Collected data entries:
□ □ □

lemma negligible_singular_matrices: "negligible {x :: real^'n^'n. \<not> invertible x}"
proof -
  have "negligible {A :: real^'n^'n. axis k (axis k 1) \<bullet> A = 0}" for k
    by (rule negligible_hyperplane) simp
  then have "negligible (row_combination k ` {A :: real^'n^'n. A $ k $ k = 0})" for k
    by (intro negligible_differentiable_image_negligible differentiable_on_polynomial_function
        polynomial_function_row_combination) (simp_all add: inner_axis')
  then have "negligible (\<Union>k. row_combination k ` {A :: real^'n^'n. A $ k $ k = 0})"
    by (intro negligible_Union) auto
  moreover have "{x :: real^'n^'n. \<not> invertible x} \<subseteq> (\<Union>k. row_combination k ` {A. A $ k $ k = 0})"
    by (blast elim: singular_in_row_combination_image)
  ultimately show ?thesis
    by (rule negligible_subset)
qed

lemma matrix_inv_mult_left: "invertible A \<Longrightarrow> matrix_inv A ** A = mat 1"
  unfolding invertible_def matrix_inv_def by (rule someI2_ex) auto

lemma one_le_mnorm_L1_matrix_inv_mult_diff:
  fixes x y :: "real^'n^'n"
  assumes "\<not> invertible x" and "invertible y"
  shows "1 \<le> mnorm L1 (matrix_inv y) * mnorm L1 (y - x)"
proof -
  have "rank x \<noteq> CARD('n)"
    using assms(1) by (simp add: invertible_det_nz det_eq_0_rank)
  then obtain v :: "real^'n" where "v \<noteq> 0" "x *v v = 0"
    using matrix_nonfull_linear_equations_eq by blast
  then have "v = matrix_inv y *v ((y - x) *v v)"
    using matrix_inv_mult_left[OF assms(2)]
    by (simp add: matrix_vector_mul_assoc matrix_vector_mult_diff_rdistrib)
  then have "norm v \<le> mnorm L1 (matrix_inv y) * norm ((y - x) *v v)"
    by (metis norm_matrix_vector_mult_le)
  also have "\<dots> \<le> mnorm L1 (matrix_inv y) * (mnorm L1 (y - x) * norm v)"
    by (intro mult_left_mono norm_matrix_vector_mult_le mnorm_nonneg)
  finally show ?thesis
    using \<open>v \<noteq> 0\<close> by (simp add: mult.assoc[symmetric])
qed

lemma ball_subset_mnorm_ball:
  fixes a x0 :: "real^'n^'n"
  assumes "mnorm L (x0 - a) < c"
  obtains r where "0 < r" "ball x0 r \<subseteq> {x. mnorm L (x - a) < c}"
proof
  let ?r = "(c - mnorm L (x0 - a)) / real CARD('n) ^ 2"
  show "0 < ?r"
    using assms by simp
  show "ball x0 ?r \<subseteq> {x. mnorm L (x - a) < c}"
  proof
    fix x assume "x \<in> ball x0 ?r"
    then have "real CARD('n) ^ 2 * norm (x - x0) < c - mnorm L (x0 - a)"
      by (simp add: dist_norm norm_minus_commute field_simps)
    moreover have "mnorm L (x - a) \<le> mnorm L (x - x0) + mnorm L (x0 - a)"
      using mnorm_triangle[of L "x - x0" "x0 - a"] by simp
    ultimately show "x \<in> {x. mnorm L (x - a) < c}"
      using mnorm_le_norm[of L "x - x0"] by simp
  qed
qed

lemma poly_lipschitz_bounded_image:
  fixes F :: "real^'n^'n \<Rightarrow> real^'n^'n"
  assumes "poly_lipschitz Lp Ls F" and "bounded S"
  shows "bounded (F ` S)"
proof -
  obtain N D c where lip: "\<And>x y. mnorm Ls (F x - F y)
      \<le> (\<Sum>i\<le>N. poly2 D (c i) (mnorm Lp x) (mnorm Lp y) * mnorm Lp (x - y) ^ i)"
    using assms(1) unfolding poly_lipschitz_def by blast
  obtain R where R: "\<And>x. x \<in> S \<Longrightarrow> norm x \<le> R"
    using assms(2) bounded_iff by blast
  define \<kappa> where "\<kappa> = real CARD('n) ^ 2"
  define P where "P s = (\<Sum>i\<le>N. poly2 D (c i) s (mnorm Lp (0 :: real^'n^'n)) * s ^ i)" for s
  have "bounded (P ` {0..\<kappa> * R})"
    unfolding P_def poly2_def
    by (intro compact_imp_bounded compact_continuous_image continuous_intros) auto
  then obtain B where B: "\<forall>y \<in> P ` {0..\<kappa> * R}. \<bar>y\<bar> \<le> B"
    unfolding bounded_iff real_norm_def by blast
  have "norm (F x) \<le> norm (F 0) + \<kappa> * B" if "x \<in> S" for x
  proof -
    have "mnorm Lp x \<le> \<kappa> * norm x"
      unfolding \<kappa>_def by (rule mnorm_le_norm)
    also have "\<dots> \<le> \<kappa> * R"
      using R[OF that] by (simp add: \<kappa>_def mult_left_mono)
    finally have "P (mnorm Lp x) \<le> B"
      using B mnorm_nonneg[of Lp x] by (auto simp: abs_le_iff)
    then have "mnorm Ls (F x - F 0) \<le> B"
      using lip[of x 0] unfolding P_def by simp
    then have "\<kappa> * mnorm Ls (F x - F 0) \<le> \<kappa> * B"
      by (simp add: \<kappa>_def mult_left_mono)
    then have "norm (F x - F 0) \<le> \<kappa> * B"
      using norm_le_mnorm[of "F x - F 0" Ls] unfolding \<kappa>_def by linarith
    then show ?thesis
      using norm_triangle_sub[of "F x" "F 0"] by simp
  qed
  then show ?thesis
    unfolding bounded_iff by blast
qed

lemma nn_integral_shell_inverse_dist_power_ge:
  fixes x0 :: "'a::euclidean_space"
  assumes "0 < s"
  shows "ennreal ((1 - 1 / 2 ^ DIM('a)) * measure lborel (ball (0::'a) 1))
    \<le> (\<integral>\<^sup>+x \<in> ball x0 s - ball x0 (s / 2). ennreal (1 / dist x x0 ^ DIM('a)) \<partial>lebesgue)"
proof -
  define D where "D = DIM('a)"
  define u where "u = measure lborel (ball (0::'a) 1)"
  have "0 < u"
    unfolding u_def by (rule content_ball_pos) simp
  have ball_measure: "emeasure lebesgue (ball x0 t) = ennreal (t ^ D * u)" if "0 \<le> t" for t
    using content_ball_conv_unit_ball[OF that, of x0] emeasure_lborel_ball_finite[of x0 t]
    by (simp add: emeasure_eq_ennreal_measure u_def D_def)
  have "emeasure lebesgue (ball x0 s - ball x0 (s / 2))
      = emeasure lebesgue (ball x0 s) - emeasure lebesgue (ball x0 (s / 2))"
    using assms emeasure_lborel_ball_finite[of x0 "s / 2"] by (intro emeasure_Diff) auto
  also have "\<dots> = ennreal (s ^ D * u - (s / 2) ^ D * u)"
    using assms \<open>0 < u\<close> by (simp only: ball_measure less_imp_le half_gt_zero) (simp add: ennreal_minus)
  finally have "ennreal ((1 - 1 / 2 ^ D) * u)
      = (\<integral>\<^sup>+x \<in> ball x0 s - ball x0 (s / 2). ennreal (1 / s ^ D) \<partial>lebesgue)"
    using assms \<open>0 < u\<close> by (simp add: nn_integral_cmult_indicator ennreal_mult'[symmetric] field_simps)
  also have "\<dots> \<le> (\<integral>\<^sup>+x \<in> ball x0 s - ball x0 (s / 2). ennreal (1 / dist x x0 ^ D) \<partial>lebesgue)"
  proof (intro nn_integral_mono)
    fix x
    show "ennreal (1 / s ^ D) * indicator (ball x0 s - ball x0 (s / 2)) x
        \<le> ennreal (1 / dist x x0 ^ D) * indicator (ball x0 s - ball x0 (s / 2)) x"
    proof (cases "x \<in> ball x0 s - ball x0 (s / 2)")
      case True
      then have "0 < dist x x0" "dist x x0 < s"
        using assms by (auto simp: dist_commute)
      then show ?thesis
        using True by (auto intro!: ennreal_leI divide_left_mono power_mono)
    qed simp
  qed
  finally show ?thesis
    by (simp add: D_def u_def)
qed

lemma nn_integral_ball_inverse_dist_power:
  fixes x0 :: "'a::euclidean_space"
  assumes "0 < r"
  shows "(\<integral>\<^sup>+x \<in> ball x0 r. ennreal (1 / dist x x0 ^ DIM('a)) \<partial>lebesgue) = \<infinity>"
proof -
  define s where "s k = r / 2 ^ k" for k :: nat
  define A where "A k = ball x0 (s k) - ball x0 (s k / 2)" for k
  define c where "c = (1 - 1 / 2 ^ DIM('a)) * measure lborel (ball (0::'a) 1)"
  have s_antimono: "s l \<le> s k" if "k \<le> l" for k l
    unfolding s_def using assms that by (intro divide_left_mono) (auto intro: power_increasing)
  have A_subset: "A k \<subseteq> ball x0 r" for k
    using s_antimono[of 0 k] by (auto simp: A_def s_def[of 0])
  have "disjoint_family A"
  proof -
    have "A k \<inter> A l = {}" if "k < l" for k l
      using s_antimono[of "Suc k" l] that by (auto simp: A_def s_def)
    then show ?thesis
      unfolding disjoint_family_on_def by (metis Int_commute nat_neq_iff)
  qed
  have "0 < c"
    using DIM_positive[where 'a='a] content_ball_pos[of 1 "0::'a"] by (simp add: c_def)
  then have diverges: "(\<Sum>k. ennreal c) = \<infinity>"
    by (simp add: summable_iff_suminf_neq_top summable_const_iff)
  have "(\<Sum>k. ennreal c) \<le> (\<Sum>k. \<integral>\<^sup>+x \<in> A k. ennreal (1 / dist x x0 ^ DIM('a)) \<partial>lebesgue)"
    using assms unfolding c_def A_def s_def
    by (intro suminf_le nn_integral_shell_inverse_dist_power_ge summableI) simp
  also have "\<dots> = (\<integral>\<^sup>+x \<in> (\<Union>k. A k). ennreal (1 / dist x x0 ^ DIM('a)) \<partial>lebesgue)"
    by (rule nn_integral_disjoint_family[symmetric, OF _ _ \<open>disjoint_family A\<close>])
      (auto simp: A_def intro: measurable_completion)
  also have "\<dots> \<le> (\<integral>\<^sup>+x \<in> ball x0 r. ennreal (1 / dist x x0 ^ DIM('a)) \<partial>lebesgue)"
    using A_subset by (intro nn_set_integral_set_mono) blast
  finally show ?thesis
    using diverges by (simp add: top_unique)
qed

□ □ □

Work instructions. From the records above, transcribe exactly the run of lines that opens with the line holding "s ^ D) * indicator" and closes with the line holding "define c where", both included.

Solved problem.
    show "ennreal (1 / s ^ D) * indicator (ball x0 s - ball x0 (s / 2)) x
        \<le> ennreal (1 / dist x x0 ^ D) * indicator (ball x0 s - ball x0 (s / 2)) x"
    proof (cases "x \<in> ball x0 s - ball x0 (s / 2)")
      case True
      then have "0 < dist x x0" "dist x x0 < s"
        using assms by (auto simp: dist_commute)
      then show ?thesis
        using True by (auto intro!: ennreal_leI divide_left_mono power_mono)
    qed simp
  qed
  finally show ?thesis
    by (simp add: D_def u_def)
qed

lemma nn_integral_ball_inverse_dist_power:
  fixes x0 :: "'a::euclidean_space"
  assumes "0 < r"
  shows "(\<integral>\<^sup>+x \<in> ball x0 r. ennreal (1 / dist x x0 ^ DIM('a)) \<partial>lebesgue) = \<infinity>"
proof -
  define s where "s k = r / 2 ^ k" for k :: nat
  define A where "A k = ball x0 (s k) - ball x0 (s k / 2)" for k
  define c where "c = (1 - 1 / 2 ^ DIM('a)) * measure lborel (ball (0::'a) 1)"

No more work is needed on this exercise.